--- Task instructions ---
Every line containing the word "define" is to be copied from the data below.

--- Data for this task ---
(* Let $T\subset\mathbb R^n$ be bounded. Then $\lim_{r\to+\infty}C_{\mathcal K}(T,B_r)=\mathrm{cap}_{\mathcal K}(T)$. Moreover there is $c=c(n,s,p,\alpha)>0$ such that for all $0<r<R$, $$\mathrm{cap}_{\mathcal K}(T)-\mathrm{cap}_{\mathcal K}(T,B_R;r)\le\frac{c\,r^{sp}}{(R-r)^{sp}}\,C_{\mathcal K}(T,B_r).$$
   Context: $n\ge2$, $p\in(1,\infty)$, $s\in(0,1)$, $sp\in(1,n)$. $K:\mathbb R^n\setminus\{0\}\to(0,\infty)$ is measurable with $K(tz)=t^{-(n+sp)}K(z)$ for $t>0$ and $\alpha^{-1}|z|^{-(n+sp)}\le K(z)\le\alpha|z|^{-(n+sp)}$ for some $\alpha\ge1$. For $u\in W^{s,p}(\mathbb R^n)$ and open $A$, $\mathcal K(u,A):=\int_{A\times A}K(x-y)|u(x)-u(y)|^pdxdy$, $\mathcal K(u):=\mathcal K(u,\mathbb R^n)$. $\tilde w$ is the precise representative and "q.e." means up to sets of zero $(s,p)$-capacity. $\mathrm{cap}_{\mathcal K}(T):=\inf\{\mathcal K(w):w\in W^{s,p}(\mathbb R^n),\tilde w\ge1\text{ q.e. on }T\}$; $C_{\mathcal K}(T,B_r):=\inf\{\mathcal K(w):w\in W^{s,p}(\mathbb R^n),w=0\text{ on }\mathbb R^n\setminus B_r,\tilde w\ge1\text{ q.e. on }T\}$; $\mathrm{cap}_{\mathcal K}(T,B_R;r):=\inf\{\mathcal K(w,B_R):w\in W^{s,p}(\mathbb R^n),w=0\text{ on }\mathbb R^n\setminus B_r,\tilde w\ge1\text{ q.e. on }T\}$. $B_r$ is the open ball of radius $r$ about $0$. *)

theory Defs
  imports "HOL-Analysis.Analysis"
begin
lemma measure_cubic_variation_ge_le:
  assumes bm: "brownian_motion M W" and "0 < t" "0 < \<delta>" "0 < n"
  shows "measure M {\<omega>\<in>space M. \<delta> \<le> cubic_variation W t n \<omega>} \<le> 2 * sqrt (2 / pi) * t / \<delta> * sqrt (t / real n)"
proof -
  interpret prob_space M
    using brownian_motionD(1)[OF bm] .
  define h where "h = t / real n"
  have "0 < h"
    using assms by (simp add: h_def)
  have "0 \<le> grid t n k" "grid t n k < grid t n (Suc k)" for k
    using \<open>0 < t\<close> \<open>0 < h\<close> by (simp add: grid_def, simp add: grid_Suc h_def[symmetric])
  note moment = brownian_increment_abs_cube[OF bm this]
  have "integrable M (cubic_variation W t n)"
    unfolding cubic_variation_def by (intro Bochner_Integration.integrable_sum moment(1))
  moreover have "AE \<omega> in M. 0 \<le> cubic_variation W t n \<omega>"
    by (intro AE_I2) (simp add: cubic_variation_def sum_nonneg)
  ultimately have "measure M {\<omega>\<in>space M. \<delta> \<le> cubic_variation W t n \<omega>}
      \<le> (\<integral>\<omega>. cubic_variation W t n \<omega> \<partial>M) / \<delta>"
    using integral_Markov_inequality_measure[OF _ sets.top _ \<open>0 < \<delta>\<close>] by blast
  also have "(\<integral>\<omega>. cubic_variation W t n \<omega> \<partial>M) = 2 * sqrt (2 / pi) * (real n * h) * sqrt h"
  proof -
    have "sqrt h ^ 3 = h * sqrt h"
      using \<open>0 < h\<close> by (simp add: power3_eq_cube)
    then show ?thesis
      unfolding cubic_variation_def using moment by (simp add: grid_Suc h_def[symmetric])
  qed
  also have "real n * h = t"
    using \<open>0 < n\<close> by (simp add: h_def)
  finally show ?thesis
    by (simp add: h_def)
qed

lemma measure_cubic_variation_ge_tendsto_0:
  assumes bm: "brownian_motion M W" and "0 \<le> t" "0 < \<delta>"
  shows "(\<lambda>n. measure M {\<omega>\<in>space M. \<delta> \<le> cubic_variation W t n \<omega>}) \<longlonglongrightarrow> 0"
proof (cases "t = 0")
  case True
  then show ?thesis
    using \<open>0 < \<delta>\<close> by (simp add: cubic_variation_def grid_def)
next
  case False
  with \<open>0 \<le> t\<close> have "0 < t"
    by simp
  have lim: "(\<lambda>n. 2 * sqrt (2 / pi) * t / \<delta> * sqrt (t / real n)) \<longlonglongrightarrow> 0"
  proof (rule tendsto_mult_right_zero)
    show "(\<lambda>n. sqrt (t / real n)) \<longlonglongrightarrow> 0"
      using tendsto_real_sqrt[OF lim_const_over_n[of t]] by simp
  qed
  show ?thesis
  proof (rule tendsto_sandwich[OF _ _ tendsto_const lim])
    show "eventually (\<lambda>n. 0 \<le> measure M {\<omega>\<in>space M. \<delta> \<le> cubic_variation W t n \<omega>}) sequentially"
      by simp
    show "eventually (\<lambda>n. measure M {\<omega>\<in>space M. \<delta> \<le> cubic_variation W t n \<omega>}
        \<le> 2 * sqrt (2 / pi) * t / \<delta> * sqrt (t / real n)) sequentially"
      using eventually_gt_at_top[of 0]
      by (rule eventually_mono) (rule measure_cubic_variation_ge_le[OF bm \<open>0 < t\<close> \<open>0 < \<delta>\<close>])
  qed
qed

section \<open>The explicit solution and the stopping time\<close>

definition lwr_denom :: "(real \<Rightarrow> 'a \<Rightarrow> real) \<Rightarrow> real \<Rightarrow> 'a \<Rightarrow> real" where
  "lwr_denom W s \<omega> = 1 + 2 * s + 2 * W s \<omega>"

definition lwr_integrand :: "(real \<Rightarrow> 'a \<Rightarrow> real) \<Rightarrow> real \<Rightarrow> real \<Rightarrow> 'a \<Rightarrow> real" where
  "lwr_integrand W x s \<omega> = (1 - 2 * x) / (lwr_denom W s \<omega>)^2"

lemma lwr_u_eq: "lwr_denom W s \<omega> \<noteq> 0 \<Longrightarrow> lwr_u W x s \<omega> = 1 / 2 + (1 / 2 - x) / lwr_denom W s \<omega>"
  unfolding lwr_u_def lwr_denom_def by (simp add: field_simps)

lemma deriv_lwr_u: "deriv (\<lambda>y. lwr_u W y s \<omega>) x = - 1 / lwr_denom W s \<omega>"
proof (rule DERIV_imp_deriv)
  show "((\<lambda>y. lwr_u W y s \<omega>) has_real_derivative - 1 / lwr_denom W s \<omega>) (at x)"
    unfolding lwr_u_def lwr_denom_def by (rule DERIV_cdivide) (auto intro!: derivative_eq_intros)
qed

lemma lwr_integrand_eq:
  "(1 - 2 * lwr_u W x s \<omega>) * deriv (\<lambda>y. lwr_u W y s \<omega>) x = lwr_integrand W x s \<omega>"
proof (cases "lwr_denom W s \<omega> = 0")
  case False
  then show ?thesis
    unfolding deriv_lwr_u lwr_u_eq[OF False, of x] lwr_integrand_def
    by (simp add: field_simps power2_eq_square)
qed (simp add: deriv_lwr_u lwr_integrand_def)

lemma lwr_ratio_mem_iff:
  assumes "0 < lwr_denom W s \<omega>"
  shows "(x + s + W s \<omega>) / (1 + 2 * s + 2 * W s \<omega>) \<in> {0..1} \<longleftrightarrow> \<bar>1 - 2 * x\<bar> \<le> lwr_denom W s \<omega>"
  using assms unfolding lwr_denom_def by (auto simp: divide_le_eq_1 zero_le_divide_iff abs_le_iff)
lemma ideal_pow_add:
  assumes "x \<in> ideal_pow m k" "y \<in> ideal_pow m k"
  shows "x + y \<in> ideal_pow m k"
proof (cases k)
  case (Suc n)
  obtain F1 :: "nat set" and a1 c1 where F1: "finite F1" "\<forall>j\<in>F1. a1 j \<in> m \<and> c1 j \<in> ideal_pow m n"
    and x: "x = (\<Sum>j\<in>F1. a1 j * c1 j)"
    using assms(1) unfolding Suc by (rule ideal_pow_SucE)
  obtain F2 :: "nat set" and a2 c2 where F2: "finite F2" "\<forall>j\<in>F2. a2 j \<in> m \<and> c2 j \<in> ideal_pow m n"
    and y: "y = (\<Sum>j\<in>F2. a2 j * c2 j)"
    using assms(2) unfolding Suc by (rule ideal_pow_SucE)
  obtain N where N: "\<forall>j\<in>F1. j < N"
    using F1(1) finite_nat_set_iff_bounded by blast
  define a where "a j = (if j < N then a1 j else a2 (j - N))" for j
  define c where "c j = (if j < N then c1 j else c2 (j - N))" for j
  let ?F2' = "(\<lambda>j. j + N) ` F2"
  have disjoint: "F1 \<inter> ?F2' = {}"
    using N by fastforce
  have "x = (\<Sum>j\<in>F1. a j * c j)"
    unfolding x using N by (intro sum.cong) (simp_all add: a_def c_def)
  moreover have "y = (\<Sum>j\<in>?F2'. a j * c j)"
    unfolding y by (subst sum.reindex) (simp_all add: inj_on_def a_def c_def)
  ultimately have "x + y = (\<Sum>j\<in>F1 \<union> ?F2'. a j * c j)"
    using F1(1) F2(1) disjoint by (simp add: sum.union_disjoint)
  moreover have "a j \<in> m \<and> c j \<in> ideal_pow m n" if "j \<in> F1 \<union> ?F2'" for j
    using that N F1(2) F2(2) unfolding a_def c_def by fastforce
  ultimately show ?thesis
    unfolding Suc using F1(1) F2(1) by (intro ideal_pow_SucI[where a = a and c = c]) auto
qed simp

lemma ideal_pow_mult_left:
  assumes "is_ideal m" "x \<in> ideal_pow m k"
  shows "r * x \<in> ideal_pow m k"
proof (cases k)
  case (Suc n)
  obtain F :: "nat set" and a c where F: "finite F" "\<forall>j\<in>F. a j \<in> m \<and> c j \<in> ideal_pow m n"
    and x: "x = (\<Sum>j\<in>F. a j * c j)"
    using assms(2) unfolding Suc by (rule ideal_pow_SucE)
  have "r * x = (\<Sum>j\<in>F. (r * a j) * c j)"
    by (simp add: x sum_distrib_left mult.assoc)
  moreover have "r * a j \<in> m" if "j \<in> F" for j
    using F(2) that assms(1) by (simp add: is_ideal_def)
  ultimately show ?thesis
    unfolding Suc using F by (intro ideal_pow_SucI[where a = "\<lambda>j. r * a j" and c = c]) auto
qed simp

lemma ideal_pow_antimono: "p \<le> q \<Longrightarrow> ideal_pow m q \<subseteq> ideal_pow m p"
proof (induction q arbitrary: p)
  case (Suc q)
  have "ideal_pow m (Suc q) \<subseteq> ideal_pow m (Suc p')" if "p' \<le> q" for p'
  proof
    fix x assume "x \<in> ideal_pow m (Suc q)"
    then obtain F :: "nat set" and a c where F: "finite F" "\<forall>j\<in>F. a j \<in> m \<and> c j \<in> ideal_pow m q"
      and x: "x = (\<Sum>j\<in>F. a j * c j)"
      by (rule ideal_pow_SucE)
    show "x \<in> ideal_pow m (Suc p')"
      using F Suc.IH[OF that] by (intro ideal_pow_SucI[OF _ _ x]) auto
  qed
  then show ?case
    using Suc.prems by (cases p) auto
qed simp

--- Worked solution ---
  define h where "h = t / real n"
  define a where "a j = (if j < N then a1 j else a2 (j - N))" for j
  define c where "c j = (if j < N then c1 j else c2 (j - N))" for j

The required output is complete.